The task
Search the material below for the word "UNIV". Copy every line that has it.

Start of Block

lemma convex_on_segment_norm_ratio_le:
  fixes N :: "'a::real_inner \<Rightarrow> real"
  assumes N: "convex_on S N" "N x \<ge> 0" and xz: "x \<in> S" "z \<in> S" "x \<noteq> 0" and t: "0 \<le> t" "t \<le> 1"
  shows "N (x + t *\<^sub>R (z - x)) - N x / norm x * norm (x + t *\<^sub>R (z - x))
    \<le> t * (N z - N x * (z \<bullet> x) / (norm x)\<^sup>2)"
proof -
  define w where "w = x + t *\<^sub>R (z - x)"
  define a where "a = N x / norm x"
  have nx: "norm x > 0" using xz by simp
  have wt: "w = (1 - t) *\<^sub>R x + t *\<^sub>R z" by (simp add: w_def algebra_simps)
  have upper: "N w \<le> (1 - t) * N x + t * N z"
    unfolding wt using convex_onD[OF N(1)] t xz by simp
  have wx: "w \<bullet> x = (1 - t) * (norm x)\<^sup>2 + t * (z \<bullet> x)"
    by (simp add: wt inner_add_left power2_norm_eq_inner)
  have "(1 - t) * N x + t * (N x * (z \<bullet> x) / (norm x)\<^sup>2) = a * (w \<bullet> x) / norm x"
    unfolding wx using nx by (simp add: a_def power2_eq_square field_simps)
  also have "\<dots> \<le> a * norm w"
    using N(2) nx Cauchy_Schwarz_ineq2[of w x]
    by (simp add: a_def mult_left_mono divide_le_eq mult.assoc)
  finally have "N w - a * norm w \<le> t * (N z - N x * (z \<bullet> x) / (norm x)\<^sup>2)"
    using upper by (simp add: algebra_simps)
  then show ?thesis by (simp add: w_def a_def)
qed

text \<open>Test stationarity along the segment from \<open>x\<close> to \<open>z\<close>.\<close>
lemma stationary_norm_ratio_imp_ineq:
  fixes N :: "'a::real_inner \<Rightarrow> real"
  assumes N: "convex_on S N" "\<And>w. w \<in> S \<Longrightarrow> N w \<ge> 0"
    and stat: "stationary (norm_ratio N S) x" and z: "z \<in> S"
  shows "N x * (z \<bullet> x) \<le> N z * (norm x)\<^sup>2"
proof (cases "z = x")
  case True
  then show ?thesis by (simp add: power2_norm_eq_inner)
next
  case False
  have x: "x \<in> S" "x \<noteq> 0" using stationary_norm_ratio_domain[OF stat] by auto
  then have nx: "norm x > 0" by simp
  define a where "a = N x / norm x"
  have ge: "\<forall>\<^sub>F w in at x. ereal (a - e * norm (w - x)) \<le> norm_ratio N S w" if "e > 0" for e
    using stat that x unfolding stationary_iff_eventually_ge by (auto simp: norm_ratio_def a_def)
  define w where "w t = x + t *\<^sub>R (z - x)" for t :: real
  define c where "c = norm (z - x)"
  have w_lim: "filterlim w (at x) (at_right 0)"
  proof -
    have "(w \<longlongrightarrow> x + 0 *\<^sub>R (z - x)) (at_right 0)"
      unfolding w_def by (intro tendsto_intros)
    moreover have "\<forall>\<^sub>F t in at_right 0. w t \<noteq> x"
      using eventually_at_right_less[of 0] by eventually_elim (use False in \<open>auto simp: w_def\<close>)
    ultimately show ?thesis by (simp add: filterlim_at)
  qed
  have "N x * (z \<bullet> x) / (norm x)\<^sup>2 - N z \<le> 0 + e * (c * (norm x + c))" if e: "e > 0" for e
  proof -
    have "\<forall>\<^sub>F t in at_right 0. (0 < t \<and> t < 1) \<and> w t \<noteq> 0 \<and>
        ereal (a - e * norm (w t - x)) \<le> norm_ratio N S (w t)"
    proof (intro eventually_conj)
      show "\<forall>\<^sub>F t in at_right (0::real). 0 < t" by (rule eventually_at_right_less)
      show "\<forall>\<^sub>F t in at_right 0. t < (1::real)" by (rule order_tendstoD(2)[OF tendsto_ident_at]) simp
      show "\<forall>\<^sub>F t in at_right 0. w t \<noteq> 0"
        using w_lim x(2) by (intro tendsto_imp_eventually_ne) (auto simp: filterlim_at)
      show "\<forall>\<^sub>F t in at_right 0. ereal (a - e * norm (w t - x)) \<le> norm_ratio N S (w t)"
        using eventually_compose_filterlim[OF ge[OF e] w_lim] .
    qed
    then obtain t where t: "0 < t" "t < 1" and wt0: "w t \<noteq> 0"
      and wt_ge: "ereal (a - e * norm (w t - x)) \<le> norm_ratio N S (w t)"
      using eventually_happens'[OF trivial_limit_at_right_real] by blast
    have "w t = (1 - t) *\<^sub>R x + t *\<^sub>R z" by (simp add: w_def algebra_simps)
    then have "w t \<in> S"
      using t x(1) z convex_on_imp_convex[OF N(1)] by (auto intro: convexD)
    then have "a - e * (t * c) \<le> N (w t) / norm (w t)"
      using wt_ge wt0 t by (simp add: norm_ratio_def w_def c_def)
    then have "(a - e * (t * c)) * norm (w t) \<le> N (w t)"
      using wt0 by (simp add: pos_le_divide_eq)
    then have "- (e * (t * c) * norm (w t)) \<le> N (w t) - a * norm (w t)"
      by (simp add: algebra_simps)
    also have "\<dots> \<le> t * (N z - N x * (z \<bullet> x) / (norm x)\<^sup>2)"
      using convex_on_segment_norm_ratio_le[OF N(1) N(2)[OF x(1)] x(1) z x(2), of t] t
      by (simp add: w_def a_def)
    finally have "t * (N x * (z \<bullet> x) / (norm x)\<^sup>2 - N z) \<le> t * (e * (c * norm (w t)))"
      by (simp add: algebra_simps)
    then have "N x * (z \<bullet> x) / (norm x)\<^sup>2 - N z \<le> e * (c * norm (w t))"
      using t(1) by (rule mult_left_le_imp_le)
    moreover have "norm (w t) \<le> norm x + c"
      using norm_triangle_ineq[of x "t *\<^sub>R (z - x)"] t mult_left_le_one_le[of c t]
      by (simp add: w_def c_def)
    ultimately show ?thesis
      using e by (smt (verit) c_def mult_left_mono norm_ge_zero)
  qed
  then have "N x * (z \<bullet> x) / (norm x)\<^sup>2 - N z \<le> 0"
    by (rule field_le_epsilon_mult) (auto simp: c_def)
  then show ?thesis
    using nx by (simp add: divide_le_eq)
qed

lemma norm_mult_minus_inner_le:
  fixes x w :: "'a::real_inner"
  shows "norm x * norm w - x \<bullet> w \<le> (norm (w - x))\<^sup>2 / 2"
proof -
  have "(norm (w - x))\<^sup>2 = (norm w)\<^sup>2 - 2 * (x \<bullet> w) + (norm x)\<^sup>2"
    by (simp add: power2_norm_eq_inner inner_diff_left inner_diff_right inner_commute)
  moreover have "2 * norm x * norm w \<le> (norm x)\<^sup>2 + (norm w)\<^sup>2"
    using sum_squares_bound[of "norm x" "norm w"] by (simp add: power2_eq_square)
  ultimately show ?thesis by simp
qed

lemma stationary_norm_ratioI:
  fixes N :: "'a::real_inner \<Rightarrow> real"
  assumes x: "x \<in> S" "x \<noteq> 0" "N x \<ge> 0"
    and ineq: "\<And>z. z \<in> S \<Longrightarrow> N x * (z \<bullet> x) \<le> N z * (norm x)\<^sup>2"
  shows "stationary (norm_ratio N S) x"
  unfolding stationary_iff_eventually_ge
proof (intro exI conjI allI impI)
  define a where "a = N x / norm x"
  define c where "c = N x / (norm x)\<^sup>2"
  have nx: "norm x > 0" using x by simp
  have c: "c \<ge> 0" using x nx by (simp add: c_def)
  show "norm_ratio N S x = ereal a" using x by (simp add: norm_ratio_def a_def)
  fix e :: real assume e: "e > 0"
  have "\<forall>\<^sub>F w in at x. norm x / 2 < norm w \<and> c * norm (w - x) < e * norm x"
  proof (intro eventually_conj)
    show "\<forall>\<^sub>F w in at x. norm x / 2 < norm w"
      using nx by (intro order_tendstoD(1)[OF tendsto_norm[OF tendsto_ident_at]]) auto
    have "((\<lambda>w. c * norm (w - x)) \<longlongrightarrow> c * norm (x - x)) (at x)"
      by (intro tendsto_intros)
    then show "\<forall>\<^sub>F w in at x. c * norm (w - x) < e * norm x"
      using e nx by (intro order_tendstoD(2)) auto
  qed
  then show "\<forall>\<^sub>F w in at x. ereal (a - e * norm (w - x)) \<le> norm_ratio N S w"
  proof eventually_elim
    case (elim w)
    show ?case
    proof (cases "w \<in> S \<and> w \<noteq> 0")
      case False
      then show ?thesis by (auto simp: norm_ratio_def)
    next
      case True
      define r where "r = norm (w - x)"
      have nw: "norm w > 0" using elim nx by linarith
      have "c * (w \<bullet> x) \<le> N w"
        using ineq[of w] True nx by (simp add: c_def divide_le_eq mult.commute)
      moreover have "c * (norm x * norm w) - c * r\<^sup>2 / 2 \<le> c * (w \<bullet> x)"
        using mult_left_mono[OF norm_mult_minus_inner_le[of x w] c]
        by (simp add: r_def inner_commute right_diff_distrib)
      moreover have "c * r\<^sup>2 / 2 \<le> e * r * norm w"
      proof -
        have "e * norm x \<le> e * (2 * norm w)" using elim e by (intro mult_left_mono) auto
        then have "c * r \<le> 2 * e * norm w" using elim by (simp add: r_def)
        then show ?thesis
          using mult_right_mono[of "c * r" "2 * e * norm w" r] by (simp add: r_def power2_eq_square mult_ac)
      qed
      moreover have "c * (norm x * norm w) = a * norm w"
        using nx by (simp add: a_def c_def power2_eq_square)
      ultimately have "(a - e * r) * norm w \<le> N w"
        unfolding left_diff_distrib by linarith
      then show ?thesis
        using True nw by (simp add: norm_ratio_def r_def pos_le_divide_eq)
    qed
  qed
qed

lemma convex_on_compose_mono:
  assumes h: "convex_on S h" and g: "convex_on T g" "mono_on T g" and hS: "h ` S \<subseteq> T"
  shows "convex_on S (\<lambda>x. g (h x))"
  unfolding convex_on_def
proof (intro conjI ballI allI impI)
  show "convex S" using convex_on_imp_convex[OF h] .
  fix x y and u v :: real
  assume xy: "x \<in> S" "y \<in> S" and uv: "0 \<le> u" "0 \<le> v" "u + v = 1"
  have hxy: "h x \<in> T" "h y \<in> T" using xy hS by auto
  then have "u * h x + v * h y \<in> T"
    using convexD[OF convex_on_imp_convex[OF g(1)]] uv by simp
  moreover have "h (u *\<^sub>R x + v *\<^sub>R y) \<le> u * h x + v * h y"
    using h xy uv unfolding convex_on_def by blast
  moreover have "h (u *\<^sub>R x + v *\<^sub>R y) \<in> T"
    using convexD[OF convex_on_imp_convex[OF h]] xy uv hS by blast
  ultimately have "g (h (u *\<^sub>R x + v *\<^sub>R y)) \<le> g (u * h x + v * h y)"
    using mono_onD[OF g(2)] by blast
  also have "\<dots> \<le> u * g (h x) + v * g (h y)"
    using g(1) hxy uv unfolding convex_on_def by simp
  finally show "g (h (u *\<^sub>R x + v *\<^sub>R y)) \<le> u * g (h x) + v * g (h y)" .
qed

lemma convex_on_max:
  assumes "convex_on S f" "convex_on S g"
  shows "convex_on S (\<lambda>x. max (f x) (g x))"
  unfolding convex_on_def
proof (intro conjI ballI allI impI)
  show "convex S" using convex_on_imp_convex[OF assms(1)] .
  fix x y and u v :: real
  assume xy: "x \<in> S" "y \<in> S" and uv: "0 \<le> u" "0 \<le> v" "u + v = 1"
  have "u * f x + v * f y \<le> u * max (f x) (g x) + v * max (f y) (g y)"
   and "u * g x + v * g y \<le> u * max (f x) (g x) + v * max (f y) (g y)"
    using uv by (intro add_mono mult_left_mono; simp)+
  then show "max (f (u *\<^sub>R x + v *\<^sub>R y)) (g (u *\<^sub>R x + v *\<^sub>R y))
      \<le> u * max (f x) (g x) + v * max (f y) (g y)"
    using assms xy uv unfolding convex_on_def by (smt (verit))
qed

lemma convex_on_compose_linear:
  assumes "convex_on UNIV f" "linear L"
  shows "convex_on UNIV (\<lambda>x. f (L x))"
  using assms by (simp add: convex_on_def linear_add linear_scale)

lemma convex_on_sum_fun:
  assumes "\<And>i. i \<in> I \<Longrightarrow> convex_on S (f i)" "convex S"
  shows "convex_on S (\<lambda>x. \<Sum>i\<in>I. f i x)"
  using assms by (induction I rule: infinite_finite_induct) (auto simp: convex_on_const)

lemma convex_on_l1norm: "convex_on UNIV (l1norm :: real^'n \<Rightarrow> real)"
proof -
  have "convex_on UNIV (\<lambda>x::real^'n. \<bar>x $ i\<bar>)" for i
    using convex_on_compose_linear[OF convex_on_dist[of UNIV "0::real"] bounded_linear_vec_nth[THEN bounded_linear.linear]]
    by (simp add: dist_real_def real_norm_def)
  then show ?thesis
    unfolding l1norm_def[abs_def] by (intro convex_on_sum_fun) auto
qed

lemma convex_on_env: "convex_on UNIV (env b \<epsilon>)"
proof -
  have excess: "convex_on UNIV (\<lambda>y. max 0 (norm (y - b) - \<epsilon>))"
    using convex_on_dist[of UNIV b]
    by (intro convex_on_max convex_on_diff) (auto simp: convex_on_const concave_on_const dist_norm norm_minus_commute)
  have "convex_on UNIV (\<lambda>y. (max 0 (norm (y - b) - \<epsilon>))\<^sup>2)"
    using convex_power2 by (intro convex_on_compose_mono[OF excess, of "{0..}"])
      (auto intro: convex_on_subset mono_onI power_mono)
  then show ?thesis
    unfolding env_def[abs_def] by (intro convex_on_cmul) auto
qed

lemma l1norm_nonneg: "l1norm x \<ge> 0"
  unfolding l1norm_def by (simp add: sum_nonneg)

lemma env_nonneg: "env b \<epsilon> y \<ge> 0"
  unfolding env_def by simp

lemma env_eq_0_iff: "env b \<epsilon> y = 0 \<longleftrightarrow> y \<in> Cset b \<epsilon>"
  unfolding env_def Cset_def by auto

End of Block

Response
  assumes "convex_on UNIV f" "linear L"
  shows "convex_on UNIV (\<lambda>x. f (L x))"
lemma convex_on_l1norm: "convex_on UNIV (l1norm :: real^'n \<Rightarrow> real)"
  have "convex_on UNIV (\<lambda>x::real^'n. \<bar>x $ i\<bar>)" for i
    using convex_on_compose_linear[OF convex_on_dist[of UNIV "0::real"] bounded_linear_vec_nth[THEN bounded_linear.linear]]
lemma convex_on_env: "convex_on UNIV (env b \<epsilon>)"
  have excess: "convex_on UNIV (\<lambda>y. max 0 (norm (y - b) - \<epsilon>))"
    using convex_on_dist[of UNIV b]
  have "convex_on UNIV (\<lambda>y. (max 0 (norm (y - b) - \<epsilon>))\<^sup>2)"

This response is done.